Show that $x^3+ax+b=0$ has
a) only one real root when $a>0$
b) at most only one of it's roots are in $(-\sqrt{-a/3},\sqrt{-a/3})$ when $a<0$.
For a) I supposed that it had two real roots and i came to the conclusion that the derivative function never attains the value $0$, i don't know what to do in b). Can someone help with the editing, I am new in this site and I think that it has to do again with Rolle's Theorem.
On
Derive the polynomial by $x$ and look where the Zeros of $f'(x)$ are. Now compute the second derivative and plug in the Zeros of $f'(x)$ you have obtained.
Now it holds $f''(x)=6x$ and for a negative $x$ the 2nd derivative tells us that the extremum has a curvature in the direction: right; for positive $x$ the direction of curvature is: left. This means now, by Rolle's Theorem that on the negative extremum there are only values $f(x)$ near $x_{extremum}$ which are smaller than $f(x_{extremum})$ (Can be visualized by a sketch). The extremum for positive $x$ has two values of $f(x)$ greater than $f(x_{extremum,pos.})$ by Rolle's Theorem. There will be only one value that is lying between These two extrema of $f'(x)$; this value will be the root.

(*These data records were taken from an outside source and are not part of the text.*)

lemma pairs_mult_power_lt_power:
  fixes v q m :: nat
  assumes "0 < q" "2 * q \<le> v" "real v * ln (real v) / real q \<le> real m"
  shows "v * (v - 1) * (v - 2 * q) ^ m < v ^ m"
proof -
  define t where "t = 2 * real q / real v"
  have v_pos: "0 < real v" and v_ge2: "2 \<le> real v"
    using assms(1,2) by linarith+
  have "real v * ln (real v) \<le> real m * real q"
    using assms(1,3) by (simp add: divide_le_eq)
  then have "2 * ln (real v) \<le> real m * t"
    using v_pos unfolding t_def by (simp add: mult.commute pos_le_divide_eq)
  have "(1 - t) ^ m \<le> exp (- t) ^ m"
    using assms(2) v_pos exp_ge_add_one_self[of "- t"]
    by (intro power_mono) (auto simp: t_def)
  also have "\<dots> = exp (- (real m * t))"
    by (simp add: exp_of_nat_mult[symmetric])
  also have "\<dots> \<le> exp (- (2 * ln (real v)))"
    using \<open>2 * ln (real v) \<le> real m * t\<close> by simp
  also have "\<dots> = 1 / (real v)\<^sup>2"
    using v_pos exp_of_nat_mult[of 2 "ln (real v)"] by (simp add: exp_minus inverse_eq_divide)
  finally have decay: "(1 - t) ^ m \<le> 1 / (real v)\<^sup>2" .
  have "real (v - 2 * q) = real v * (1 - t)"
    using assms(2) v_pos by (simp add: of_nat_diff t_def right_diff_distrib)
  then have "real (v * (v - 1) * (v - 2 * q) ^ m) = real v * (real v - 1) * (real v ^ m * (1 - t) ^ m)"
    using v_ge2 by (simp add: of_nat_diff power_mult_distrib)
  also have "\<dots> \<le> real v * (real v - 1) * (real v ^ m * (1 / (real v)\<^sup>2))"
    using decay v_ge2 by (intro mult_left_mono) auto
  also have "\<dots> = (real v - 1) / real v * real v ^ m"
    using v_pos by (simp add: field_simps power2_eq_square)
  also have "\<dots> < real (v ^ m)"
    using v_pos by (simp add: divide_less_eq)
  finally show ?thesis
    by (simp only: of_nat_less_iff)
qed

lemma exists_hitting_subset:
  fixes D :: "'i \<Rightarrow> 'p set"
  assumes "finite I" "finite P"
    and "\<forall>i\<in>I. card (P - D i) \<le> a"
    and "card I * a ^ m < card P ^ m"
  shows "\<exists>S\<subseteq>P. card S \<le> m \<and> (\<forall>i\<in>I. S \<inter> D i \<noteq> {})"
proof -
  define missing where "missing i = {..<m} \<rightarrow>\<^sub>E P - D i" for i
  have "card (\<Union>i\<in>I. missing i) \<le> (\<Sum>i\<in>I. card (missing i))"
    using assms(1) by (rule card_UN_le)
  also have "\<dots> \<le> (\<Sum>i\<in>I. a ^ m)"
    using assms(3) by (intro sum_mono) (simp add: missing_def card_PiE power_mono)
  also have "\<dots> < card ({..<m} \<rightarrow>\<^sub>E P)"
    using assms(4) by (simp add: card_PiE)
  finally have "\<not> ({..<m} \<rightarrow>\<^sub>E P) \<subseteq> (\<Union>i\<in>I. missing i)"
    using card_mono[of "\<Union>i\<in>I. missing i" "{..<m} \<rightarrow>\<^sub>E P"] assms(1,2)
    by (auto simp: missing_def finite_PiE)
  then obtain f where f: "f \<in> {..<m} \<rightarrow>\<^sub>E P" "\<forall>i\<in>I. f \<notin> missing i"
    by blast
  have "\<forall>i\<in>I. f ` {..<m} \<inter> D i \<noteq> {}"
    using f unfolding missing_def by (auto simp: PiE_iff)
  moreover have "f ` {..<m} \<subseteq> P" "card (f ` {..<m}) \<le> m"
    using f(1) card_image_le[of "{..<m}" f] by auto
  ultimately show ?thesis
    by blast
qed

lemma card_off_diagonal:
  assumes "finite U"
  shows "card {(u, w). u \<in> U \<and> w \<in> U \<and> u \<noteq> w} = card U * (card U - 1)"
proof -
  have "{(u, w). u \<in> U \<and> w \<in> U \<and> u \<noteq> w} = U \<times> U - (\<lambda>u. (u, u)) ` U"
    by auto
  moreover have "card ((\<lambda>u. (u, u)) ` U) = card U"
    by (rule card_image) (simp add: inj_on_def)
  moreover have "(\<lambda>u. (u, u)) ` U \<subseteq> U \<times> U"
    by auto
  ultimately show ?thesis
    using assms by (simp add: card_Diff_subset finite_subset card_cartesian_product diff_mult_distrib2)
qed

lemma exists_separating_subset:
  fixes R :: "'u \<Rightarrow> 'p \<Rightarrow> bool" and U :: "'u set" and P :: "'p set"
  assumes "finite U" "finite P" "card U = v" "card P = v" "0 < q"
    and sep: "\<And>u w. u \<in> U \<Longrightarrow> w \<in> U \<Longrightarrow> u \<noteq> w \<Longrightarrow> 2 * q \<le> card {p\<in>P. R u p \<noteq> R w p}"
    and "real v * ln (real v) / real q \<le> real m" "m \<le> v"
  obtains S where "S \<subseteq> P" "card S = m"
    "\<And>u w. u \<in> U \<Longrightarrow> w \<in> U \<Longrightarrow> u \<noteq> w \<Longrightarrow> \<exists>s\<in>S. R u s \<noteq> R w s"
proof (cases "\<exists>u\<in>U. \<exists>w\<in>U. u \<noteq> w")
  case False
  obtain S where "S \<subseteq> P" "card S = m"
    using obtain_subset_with_card_n[of m P] assms(4,8) by metis
  then show ?thesis
    using False by (intro that) auto
next
  case True
  define pairs where "pairs = {(u, w). u \<in> U \<and> w \<in> U \<and> u \<noteq> w}"
  define separating where "separating = (\<lambda>(u, w). {p\<in>P. R u p \<noteq> R w p})"
  have sub: "separating i \<subseteq> P" for i
    by (auto simp: separating_def split: prod.split)
  have card_rest: "card (P - separating i) = v - card (separating i)" for i
    using card_Diff_subset[OF finite_subset[OF sub assms(2)] sub] assms(4) by simp
  have card_le: "card (separating i) \<le> v" for i
    using card_mono[OF assms(2) sub] assms(4) by simp
  have sep': "2 * q \<le> card (separating i)" if "i \<in> pairs" for i
    using sep that by (auto simp: pairs_def separating_def)
  obtain i where "i \<in> pairs"
    using True by (auto simp: pairs_def)
  then have "2 * q \<le> v"
    using sep' card_le order_trans by blast
  have rest_le: "\<forall>i\<in>pairs. card (P - separating i) \<le> v - 2 * q"
    using sep' card_rest by (simp add: diff_le_mono2)
  have card_pairs: "card pairs = v * (v - 1)"
    using card_off_diagonal[OF assms(1)] unfolding pairs_def assms(3) .
  have bound: "card pairs * (v - 2 * q) ^ m < card P ^ m"
    unfolding card_pairs assms(4) by (rule pairs_mult_power_lt_power[OF \<open>0 < q\<close> \<open>2 * q \<le> v\<close> assms(7)])
  have "finite pairs"
    using finite_subset[of pairs "U \<times> U"] assms(1) by (auto simp: pairs_def)
  then obtain S0 where S0: "S0 \<subseteq> P" "card S0 \<le> m" "\<forall>i\<in>pairs. S0 \<inter> separating i \<noteq> {}"
    using exists_hitting_subset[OF _ assms(2) rest_le bound] by blast
  have "m \<le> card P"
    using assms(4,8) by simp
  then obtain S where S: "S0 \<subseteq> S" "S \<subseteq> P" "card S = m"
    using exists_subset_between[OF S0(2) _ S0(1) assms(2)] by blast
  have "\<exists>s\<in>S. R u s \<noteq> R w s" if "u \<in> U" "w \<in> U" "u \<noteq> w" for u w
  proof -
    have "(u, w) \<in> pairs"
      using that by (simp add: pairs_def)
    then have "S0 \<inter> separating (u, w) \<noteq> {}"
      using S0(3) by blast
    then show ?thesis
      using S(1) by (auto simp: separating_def)
  qed
  then show ?thesis
    by (rule that[OF S(2,3)])
qed

text \<open>With \<open>w = v - 2k + l\<close> the hypothesis becomes \<open>l w = q (q - 1)\<close>; both factors are then
positive, and \<open>(l - 1)(w - 1) \<ge> 0\<close> gives \<open>v = 2q + l + w \<le> q\<^sup>2 + q + 1\<close>.\<close>

lemma order_bound_from_fisher:
  fixes l k v q :: int
  assumes fisher: "l * (v - 1) = k * (k - 1)" and "k = l + q" "2 \<le> q" "0 \<le> l"
  shows "v \<le> q\<^sup>2 + q + 1"
proof -
  define w where "w = v - 2 * k + l"
  have lw: "l * w = q\<^sup>2 - q"
    using fisher \<open>k = l + q\<close> unfolding w_def by (simp add: algebra_simps power2_eq_square)
  have "2 * q \<le> q * q"
    using \<open>2 \<le> q\<close> by (intro mult_right_mono) auto
  then have "2 \<le> q\<^sup>2 - q"
    using \<open>2 \<le> q\<close> unfolding power2_eq_square by linarith
  then have "1 \<le> l" "1 \<le> w"
    using lw \<open>0 \<le> l\<close> by (smt (verit) mult_nonneg_nonpos mult_eq_0_iff)+
  then have "0 \<le> (l - 1) * (w - 1)"
    by simp
  then have "l + w \<le> l * w + 1"
    by (simp add: algebra_simps)
  then show ?thesis
    using lw \<open>k = l + q\<close> unfolding w_def by simp
qed

lemma card_filter_eq_sum: "finite C \<Longrightarrow> card {c\<in>C. Q c} = (\<Sum>c\<in>C. if Q c then 1 else 0)"
  by (simp add: sum.If_cases Int_def conj_commute)

lemma sum_card_filter_swap:
  assumes "finite A" "finite C"
  shows "(\<Sum>a\<in>A. card {c\<in>C. Q a c}) = (\<Sum>c\<in>C. card {a\<in>A. Q a c})"
  using assms by (simp add: card_filter_eq_sum sum.swap[of _ A C])

locale sym_design =
  fixes X :: "'a set" and B :: "'a set set" and v k lam :: nat
  assumes design: "symmetric_design X B v k lam"
begin

lemma finite_points: "finite X"
  and card_points: "card X = v"
  and card_blocks: "card B = v"
  and block_subset: "b \<in> B \<Longrightarrow> b \<subseteq> X"
  and card_block: "b \<in> B \<Longrightarrow> card b = k"
  and card_blocks_through_two_points:
    "x \<in> X \<Longrightarrow> y \<in> X \<Longrightarrow> x \<noteq> y \<Longrightarrow> card {b\<in>B. x \<in> b \<and> y \<in> b} = lam"
  and card_block_inter: "b \<in> B \<Longrightarrow> c \<in> B \<Longrightarrow> b \<noteq> c \<Longrightarrow> card (b \<inter> c) = lam"
  using design unfolding symmetric_design_def by auto

lemma finite_block: "b \<in> B \<Longrightarrow> finite b"
  using finite_points block_subset finite_subset by blast

lemma finite_blocks: "finite B"
  using finite_points block_subset by (meson Pow_iff finite_Pow_iff finite_subset subsetI)

lemma point_degree_mult:
  assumes "x \<in> X"
  shows "card {b\<in>B. x \<in> b} * (k - 1) = lam * (v - 1)"
proof -
  have "lam * (v - 1) = (\<Sum>y\<in>X - {x}. lam)"
    using assms finite_points card_points by (simp add: card_Diff_singleton)
  also have "\<dots> = (\<Sum>y\<in>X - {x}. card {b\<in>B. x \<in> b \<and> y \<in> b})"
    using assms card_blocks_through_two_points by (intro sum.cong) auto
  also have "\<dots> = (\<Sum>b\<in>B. card {y\<in>X - {x}. x \<in> b \<and> y \<in> b})"
    using finite_points finite_blocks by (intro sum_card_filter_swap) auto
  also have "\<dots> = (\<Sum>b\<in>B. if x \<in> b then k - 1 else 0)"
  proof (rule sum.cong)
    fix b assume "b \<in> B"
    then have "x \<in> b \<Longrightarrow> {y\<in>X - {x}. x \<in> b \<and> y \<in> b} = b - {x}"
      using block_subset by auto
    then show "card {y\<in>X - {x}. x \<in> b \<and> y \<in> b} = (if x \<in> b then k - 1 else 0)"
      using \<open>b \<in> B\<close> finite_block card_block by simp
  qed simp
  also have "\<dots> = card {b\<in>B. x \<in> b} * (k - 1)"
    using finite_blocks by (simp add: sum.inter_filter[symmetric])
  finally show ?thesis ..
qed

lemma sum_point_degrees: "(\<Sum>x\<in>X. card {b\<in>B. x \<in> b}) = v * k"
proof -
  have "(\<Sum>x\<in>X. card {b\<in>B. x \<in> b}) = (\<Sum>b\<in>B. card {x\<in>X. x \<in> b})"
    using finite_points finite_blocks by (rule sum_card_filter_swap)
  also have "\<dots> = (\<Sum>b\<in>B. k)"
  proof (rule sum.cong)
    fix b assume "b \<in> B"
    then have "{x\<in>X. x \<in> b} = b"
      using block_subset by auto
    then show "card {x\<in>X. x \<in> b} = k"
      using \<open>b \<in> B\<close> card_block by simp
  qed simp
  finally show ?thesis
    using card_blocks by simp
qed

text \<open>By \<open>point_degree_mult\<close> all point degrees coincide, so they equal their average \<open>k\<close>.\<close>

lemma point_degree:
  assumes "2 \<le> k" "x \<in> X"
  shows "card {b\<in>B. x \<in> b} = k"
proof -
  have "k - 1 \<noteq> 0"
    using assms(1) by simp
  then have "card {b\<in>B. y \<in> b} = card {b\<in>B. x \<in> b}" if "y \<in> X" for y
    using point_degree_mult[OF that] point_degree_mult[OF assms(2)] by (metis mult_right_cancel)
  then have "v * card {b\<in>B. x \<in> b} = v * k"
    using sum_point_degrees card_points by simp
  moreover have "0 < v"
    using assms(2) finite_points card_points card_gt_0_iff by blast
  ultimately show ?thesis
    by simp
qed
(* Let $\mathfrak g$ be an $8$-dimensional real nilpotent Lie algebra with a complex structure $J$ for which there is a basis $\{\omega^1,\omega^2,\omega^3,\omega^4\}$ of $(1,0)$-forms satisfying $d\omega^1=0$, $d\omega^2=\omega^{14}+\omega^{1\bar4}$, $d\omega^3=a\,\omega^{1\bar1}+\varepsilon(\omega^{12}+\omega^{1\bar2}-\omega^{2\bar1})+i\mu(\omega^{24}+\omega^{2\bar4})$, $d\omega^4=i\nu\,\omega^{1\bar1}-\mu\,\omega^{2\bar2}+ib(\omega^{1\bar2}-\omega^{2\bar1})+i(\omega^{1\bar3}-\omega^{3\bar1})$, with $\varepsilon=\mu=1$, $\nu=0$ and arbitrary $a,b\in\mathbb R$. Then $E_2^{0,2}(\mathfrak g,J)\neq E_3^{0,2}(\mathfrak g,J)$. More precisely, $E_1^{0,2}(\mathfrak g,J)=E_2^{0,2}(\mathfrak g,J)=\langle[i\,\omega^{\bar1\bar2}-\omega^{\bar2\bar4}],[\omega^{\bar1\bar3}-i\,\omega^{\bar3\bar4}]\rangle$ and $E_r^{0,2}(\mathfrak g,J)=\langle[i\,\omega^{\bar1\bar2}-\omega^{\bar2\bar4}]\rangle$ for every $r\ge3$.
   Context: Notation: $\omega^{jk}=\omega^j\wedge\omega^k$, $\omega^{j\bar k}=\omega^j\wedge\overline{\omega^k}$, $\omega^{\bar j\bar k}=\overline{\omega^j}\wedge\overline{\omega^k}$. For a Lie algebra $\mathfrak g$ with integrable complex structure $J$, $E_r^{p,q}(\mathfrak g,J)$ is the $r$-th page in bidegree $(p,q)$ of the Frölicher spectral sequence of the double complex $(\Lambda^{*,*}(\mathfrak g,J),\partial,\bar\partial)$ of (complex) forms on $\mathfrak g$ of bidegree $(p,q)$ with respect to $J$, where $d=\partial+\bar\partial$ is the Chevalley–Eilenberg differential; $E_1^{p,q}$ is the $\bar\partial$-cohomology and $d_r$ has bidegree $(r,1-r)$. *)

theory Defs
  imports Complex_Main "HOL-Library.Function_Algebras"
begin

text \<open>Complex forms on the 8-dimensional real Lie algebra g, i.e. elements of the
exterior algebra on the complex coframe
omega^1,...,omega^4, conj omega^1,...,conj omega^4.
Generator index j in 0..3 stands for omega^(j+1), index j in 4..7 for conj omega^(j-3).
A form is given by its coefficients: the coefficient at a set S = {s1 < ... < sk}
of generator indices is the coefficient of e_s1 wedge ... wedge e_sk.\<close>

type_synonym form = "nat set \<Rightarrow> complex"

definition gens :: "nat set" where "gens = {0..<8}"

definition pdeg :: "nat set \<Rightarrow> int" where "pdeg S = int (card (S \<inter> {0..<4}))"
definition qdeg :: "nat set \<Rightarrow> int" where "qdeg S = int (card (S \<inter> {4..<8}))"

definition bideg :: "int \<Rightarrow> int \<Rightarrow> form \<Rightarrow> bool" where
  "bideg p q \<alpha> \<longleftrightarrow> (\<forall>S. \<alpha> S \<noteq> 0 \<longrightarrow> S \<subseteq> gens \<and> pdeg S = p \<and> qdeg S = q)"

definition smult :: "complex \<Rightarrow> form \<Rightarrow> form" where
  "smult c \<alpha> = (\<lambda>S. c * \<alpha> S)"

definition basis :: "nat set \<Rightarrow> form" where
  "basis S = (\<lambda>T. if T = S then 1 else 0)"

definition e :: "nat \<Rightarrow> form" where "e j = basis {j}"

definition inv_count :: "nat set \<Rightarrow> nat set \<Rightarrow> nat" where
  "inv_count A B = card {(a, b). a \<in> A \<and> b \<in> B \<and> b < a}"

For (a), if $a>0$, then $p(x)=x^3+ax+b$ is strictly increasing on $\Bbb R$ as $p^\prime(x)=3x^2+a>0$. Since $p$ is a cubic (odd degree) polynomial, so it has a real root. Also since $p$ is strictly increasing and $p(x)\to -\infty$ as $x\to-\infty$ and $p(x)\to \infty$ as $x\to \infty$, it follows that $p$ can not have more than one real root. (alternatively also you can argue by Rolle's theorem as if there are two distinct real roots of $p$, then we would have $3c^2+a=p^\prime(c)=0$, for some real $c$, which is impossible.)
For (b), if $a<0$, then also $p$ has a real root. Moreover since $p^\prime(x)=3x^2+a$ vanishes at $x=\pm\sqrt{\frac{-a} {3}}$. Since we know that between any two consecutive roots of $p^\prime$, there is at most one root of $p$ (as if there are two roots say $\alpha$ and $\beta$ of $p$ between two consecutive roots $\alpha',\beta'$ of $p^\prime$, then by Rolle's theorem there exists $\gamma$ such that $p^\prime(\gamma)=0$ violating the consecutivness of $\alpha'$ and $\beta'$). So there is there is atmost one $c\in(-\sqrt{\frac{-a} {3}},\sqrt{\frac{-a} {3}})=J$ (say) such that $p(c)=0$ (observe that such unique $c$ exists if $p(-\sqrt{\frac{-a} {3}})p(\sqrt{\frac{-a} {3}})<0$). Thus in $J$, there is atmost one $c\in J$ such that $p(c)=0$ (by the similar argument given above).